• _Work request_: Beneath this instruction is a listing; print exactly the lines in it starting at the line that contains "by (smt (verit) exp_gt_zero)+" and going through the line that contains "using assms by (intro logistic_weight_ge_exp)".

:: Given data ::

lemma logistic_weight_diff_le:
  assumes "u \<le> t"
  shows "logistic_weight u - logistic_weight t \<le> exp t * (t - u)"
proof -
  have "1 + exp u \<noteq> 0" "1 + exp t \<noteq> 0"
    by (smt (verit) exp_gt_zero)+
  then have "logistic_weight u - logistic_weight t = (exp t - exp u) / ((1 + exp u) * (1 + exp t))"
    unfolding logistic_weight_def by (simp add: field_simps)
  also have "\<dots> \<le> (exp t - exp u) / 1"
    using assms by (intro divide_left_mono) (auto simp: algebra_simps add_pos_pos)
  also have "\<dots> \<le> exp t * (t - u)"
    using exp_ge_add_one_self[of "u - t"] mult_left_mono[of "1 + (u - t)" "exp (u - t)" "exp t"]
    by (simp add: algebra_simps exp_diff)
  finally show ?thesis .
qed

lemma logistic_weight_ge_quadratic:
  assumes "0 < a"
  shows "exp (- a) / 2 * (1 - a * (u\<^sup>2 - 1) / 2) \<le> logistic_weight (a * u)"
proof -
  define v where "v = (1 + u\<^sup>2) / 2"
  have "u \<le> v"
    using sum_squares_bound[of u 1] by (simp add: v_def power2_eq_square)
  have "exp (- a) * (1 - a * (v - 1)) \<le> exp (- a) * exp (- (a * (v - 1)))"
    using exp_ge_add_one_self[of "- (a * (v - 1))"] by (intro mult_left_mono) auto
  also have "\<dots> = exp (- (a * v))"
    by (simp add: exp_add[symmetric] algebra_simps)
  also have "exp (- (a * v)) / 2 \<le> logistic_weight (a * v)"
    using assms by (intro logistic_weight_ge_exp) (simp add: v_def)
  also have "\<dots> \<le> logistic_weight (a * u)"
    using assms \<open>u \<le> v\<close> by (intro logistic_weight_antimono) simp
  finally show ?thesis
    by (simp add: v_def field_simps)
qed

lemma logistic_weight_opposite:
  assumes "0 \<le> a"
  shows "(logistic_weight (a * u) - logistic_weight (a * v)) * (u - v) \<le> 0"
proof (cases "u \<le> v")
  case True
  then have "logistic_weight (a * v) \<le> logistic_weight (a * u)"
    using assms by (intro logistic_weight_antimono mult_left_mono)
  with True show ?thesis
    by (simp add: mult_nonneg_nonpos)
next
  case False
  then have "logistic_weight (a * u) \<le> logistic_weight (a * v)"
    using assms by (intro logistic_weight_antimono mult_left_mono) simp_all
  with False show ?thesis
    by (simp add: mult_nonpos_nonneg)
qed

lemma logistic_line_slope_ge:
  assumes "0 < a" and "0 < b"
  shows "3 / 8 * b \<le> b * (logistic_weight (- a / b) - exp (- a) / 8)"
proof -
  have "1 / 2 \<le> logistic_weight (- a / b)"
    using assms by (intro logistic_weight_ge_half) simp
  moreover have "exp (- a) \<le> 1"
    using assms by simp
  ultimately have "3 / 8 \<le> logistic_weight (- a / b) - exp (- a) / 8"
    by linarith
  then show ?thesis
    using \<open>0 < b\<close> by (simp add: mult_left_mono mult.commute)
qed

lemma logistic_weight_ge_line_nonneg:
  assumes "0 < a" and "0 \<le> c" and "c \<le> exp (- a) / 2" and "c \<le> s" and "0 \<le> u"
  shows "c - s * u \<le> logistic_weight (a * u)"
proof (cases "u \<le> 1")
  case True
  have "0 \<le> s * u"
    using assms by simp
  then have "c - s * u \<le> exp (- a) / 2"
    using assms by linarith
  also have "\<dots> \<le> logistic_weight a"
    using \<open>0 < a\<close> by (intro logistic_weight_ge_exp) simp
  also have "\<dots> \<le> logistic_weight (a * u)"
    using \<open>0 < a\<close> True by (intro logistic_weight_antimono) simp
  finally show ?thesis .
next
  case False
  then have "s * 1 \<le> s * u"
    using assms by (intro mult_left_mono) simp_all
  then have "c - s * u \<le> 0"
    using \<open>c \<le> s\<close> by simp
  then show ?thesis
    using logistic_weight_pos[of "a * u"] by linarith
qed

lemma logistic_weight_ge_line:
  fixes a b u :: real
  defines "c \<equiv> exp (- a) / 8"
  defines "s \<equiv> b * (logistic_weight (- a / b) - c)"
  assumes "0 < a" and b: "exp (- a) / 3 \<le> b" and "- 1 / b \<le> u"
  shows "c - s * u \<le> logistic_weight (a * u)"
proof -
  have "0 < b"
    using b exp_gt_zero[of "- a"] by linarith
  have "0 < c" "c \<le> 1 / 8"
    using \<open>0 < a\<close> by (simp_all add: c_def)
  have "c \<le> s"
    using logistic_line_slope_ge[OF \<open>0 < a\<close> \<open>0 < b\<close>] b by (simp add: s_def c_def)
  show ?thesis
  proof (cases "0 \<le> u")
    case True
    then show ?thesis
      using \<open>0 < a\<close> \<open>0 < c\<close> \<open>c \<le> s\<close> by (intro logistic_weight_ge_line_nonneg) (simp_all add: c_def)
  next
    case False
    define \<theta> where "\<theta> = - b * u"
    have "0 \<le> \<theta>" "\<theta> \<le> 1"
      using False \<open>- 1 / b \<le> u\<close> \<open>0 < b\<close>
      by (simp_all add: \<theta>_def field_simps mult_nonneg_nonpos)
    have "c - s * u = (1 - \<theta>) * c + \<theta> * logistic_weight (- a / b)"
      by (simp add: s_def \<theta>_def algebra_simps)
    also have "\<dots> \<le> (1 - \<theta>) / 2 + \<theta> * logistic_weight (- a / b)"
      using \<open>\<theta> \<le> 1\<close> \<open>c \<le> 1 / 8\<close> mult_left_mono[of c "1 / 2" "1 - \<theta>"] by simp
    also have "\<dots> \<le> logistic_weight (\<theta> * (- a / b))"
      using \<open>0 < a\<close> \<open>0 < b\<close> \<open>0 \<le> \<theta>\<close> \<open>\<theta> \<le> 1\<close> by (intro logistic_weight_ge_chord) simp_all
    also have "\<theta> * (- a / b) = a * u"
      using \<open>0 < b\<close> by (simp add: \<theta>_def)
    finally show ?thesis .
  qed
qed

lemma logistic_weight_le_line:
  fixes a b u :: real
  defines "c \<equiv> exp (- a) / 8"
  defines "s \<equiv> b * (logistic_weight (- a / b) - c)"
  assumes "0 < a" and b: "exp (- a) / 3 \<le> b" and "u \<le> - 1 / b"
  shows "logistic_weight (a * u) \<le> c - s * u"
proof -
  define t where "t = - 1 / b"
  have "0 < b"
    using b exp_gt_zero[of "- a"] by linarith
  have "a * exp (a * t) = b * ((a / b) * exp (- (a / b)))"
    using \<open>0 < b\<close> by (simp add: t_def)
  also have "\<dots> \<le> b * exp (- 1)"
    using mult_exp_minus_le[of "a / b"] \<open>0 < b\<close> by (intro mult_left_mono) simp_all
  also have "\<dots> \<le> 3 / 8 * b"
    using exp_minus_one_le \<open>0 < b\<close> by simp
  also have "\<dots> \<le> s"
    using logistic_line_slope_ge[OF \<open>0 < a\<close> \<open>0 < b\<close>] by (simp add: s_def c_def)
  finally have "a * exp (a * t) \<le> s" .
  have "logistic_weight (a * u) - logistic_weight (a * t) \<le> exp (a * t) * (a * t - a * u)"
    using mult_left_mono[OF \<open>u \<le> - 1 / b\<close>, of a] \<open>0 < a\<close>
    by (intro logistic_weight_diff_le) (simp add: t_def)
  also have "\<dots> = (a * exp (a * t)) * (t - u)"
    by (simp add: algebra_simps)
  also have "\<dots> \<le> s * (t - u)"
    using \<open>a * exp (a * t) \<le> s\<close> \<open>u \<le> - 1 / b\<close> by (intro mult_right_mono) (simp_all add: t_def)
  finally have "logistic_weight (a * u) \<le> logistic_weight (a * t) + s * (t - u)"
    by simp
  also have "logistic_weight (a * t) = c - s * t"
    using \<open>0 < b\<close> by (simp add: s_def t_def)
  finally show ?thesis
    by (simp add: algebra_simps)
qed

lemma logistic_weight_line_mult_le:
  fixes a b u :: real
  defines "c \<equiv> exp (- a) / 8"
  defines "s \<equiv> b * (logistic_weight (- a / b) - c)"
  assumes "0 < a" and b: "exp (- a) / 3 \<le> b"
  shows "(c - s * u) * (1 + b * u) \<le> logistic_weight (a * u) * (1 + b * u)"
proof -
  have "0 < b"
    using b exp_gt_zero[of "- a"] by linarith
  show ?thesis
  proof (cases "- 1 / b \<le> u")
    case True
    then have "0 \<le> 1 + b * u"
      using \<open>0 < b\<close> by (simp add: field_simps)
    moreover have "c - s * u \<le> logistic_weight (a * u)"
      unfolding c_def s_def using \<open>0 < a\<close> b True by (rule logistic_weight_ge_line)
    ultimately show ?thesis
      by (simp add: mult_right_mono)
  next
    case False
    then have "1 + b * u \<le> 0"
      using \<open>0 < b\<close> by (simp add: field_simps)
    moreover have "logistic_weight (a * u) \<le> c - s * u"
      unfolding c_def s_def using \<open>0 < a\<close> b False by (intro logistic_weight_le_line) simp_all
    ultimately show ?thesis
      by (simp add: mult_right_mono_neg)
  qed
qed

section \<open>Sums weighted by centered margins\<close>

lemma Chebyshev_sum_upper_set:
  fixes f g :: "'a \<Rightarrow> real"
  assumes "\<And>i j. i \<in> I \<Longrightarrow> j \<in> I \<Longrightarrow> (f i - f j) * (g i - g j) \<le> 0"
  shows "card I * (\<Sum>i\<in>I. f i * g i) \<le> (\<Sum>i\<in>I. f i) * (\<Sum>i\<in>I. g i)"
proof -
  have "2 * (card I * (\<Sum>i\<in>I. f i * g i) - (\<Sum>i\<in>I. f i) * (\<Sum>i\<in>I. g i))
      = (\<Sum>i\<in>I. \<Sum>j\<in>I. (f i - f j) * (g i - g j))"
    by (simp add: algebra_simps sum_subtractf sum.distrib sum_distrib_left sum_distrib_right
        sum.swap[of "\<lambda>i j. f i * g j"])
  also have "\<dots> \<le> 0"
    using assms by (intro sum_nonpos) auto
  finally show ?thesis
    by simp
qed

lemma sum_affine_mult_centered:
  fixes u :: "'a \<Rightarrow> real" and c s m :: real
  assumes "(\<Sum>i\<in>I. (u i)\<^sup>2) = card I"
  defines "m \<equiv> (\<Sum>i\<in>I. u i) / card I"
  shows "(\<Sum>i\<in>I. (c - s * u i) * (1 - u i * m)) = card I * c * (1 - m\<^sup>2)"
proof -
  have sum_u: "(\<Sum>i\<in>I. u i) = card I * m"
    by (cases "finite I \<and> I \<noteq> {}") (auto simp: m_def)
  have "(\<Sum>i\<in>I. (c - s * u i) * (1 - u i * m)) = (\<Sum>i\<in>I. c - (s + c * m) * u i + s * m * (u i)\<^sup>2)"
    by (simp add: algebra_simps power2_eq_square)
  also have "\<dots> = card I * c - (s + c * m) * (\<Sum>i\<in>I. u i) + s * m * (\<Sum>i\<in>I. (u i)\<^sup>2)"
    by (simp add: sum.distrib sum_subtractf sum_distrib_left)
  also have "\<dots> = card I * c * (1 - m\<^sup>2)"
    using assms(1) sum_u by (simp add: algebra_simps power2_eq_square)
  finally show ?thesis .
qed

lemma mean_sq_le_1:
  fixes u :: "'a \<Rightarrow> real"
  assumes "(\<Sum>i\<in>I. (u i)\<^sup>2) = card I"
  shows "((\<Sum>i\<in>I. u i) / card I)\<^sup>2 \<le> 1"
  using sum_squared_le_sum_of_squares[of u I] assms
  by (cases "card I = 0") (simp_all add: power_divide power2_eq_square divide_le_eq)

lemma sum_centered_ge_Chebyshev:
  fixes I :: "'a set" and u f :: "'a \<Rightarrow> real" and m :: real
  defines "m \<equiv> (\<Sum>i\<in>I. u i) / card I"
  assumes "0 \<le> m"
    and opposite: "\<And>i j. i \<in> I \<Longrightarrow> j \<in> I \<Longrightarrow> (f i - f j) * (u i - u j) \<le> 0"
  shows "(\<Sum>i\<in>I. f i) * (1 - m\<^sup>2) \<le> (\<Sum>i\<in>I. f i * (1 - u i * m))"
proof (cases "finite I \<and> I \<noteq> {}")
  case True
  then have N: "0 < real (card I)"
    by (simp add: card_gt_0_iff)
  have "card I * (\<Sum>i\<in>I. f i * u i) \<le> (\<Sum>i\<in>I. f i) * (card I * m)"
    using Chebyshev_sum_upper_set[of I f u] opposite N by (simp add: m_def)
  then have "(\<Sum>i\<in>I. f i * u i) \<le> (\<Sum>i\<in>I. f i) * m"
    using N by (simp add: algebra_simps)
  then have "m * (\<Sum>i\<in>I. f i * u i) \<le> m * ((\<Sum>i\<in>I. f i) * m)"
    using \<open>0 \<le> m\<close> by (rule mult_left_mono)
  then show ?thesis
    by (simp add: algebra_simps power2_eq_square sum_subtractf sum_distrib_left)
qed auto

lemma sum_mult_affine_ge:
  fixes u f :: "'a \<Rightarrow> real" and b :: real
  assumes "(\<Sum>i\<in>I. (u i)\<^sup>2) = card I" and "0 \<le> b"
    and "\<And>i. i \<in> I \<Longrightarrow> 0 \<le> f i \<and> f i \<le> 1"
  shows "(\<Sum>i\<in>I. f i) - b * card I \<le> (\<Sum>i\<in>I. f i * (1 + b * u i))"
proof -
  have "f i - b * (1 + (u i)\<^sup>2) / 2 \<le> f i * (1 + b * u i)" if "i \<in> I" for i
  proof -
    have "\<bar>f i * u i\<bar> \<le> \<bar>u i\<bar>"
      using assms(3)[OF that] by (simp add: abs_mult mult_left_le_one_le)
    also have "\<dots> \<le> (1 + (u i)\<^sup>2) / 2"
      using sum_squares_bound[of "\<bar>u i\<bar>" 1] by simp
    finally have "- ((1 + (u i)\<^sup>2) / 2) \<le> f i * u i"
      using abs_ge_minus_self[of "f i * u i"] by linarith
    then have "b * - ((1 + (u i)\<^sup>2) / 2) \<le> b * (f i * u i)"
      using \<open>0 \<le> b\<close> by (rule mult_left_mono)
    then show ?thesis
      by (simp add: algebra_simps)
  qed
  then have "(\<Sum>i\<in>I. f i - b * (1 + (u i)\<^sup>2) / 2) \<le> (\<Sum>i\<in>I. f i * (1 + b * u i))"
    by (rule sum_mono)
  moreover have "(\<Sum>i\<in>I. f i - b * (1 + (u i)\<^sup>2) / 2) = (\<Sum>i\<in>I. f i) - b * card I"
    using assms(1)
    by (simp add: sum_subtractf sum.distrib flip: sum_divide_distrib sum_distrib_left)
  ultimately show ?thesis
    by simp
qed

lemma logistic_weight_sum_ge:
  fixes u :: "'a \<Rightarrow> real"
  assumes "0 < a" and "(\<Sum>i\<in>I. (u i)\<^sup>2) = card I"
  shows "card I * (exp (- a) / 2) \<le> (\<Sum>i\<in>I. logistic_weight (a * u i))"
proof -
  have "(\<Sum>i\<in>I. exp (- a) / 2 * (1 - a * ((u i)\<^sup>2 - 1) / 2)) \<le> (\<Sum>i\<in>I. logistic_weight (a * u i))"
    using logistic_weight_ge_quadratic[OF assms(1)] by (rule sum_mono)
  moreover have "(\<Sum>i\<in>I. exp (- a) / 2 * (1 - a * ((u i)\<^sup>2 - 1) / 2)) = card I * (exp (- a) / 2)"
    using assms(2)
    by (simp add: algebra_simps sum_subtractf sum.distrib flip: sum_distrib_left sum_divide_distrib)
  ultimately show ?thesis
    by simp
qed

:::

• _Solved problem_:
    by (smt (verit) exp_gt_zero)+
  then have "logistic_weight u - logistic_weight t = (exp t - exp u) / ((1 + exp u) * (1 + exp t))"
    unfolding logistic_weight_def by (simp add: field_simps)
  also have "\<dots> \<le> (exp t - exp u) / 1"
    using assms by (intro divide_left_mono) (auto simp: algebra_simps add_pos_pos)
  also have "\<dots> \<le> exp t * (t - u)"
    using exp_ge_add_one_self[of "u - t"] mult_left_mono[of "1 + (u - t)" "exp (u - t)" "exp t"]
    by (simp add: algebra_simps exp_diff)
  finally show ?thesis .
qed

lemma logistic_weight_ge_quadratic:
  assumes "0 < a"
  shows "exp (- a) / 2 * (1 - a * (u\<^sup>2 - 1) / 2) \<le> logistic_weight (a * u)"
proof -
  define v where "v = (1 + u\<^sup>2) / 2"
  have "u \<le> v"
    using sum_squares_bound[of u 1] by (simp add: v_def power2_eq_square)
  have "exp (- a) * (1 - a * (v - 1)) \<le> exp (- a) * exp (- (a * (v - 1)))"
    using exp_ge_add_one_self[of "- (a * (v - 1))"] by (intro mult_left_mono) auto
  also have "\<dots> = exp (- (a * v))"
    by (simp add: exp_add[symmetric] algebra_simps)
  also have "exp (- (a * v)) / 2 \<le> logistic_weight (a * v)"
    using assms by (intro logistic_weight_ge_exp) (simp add: v_def)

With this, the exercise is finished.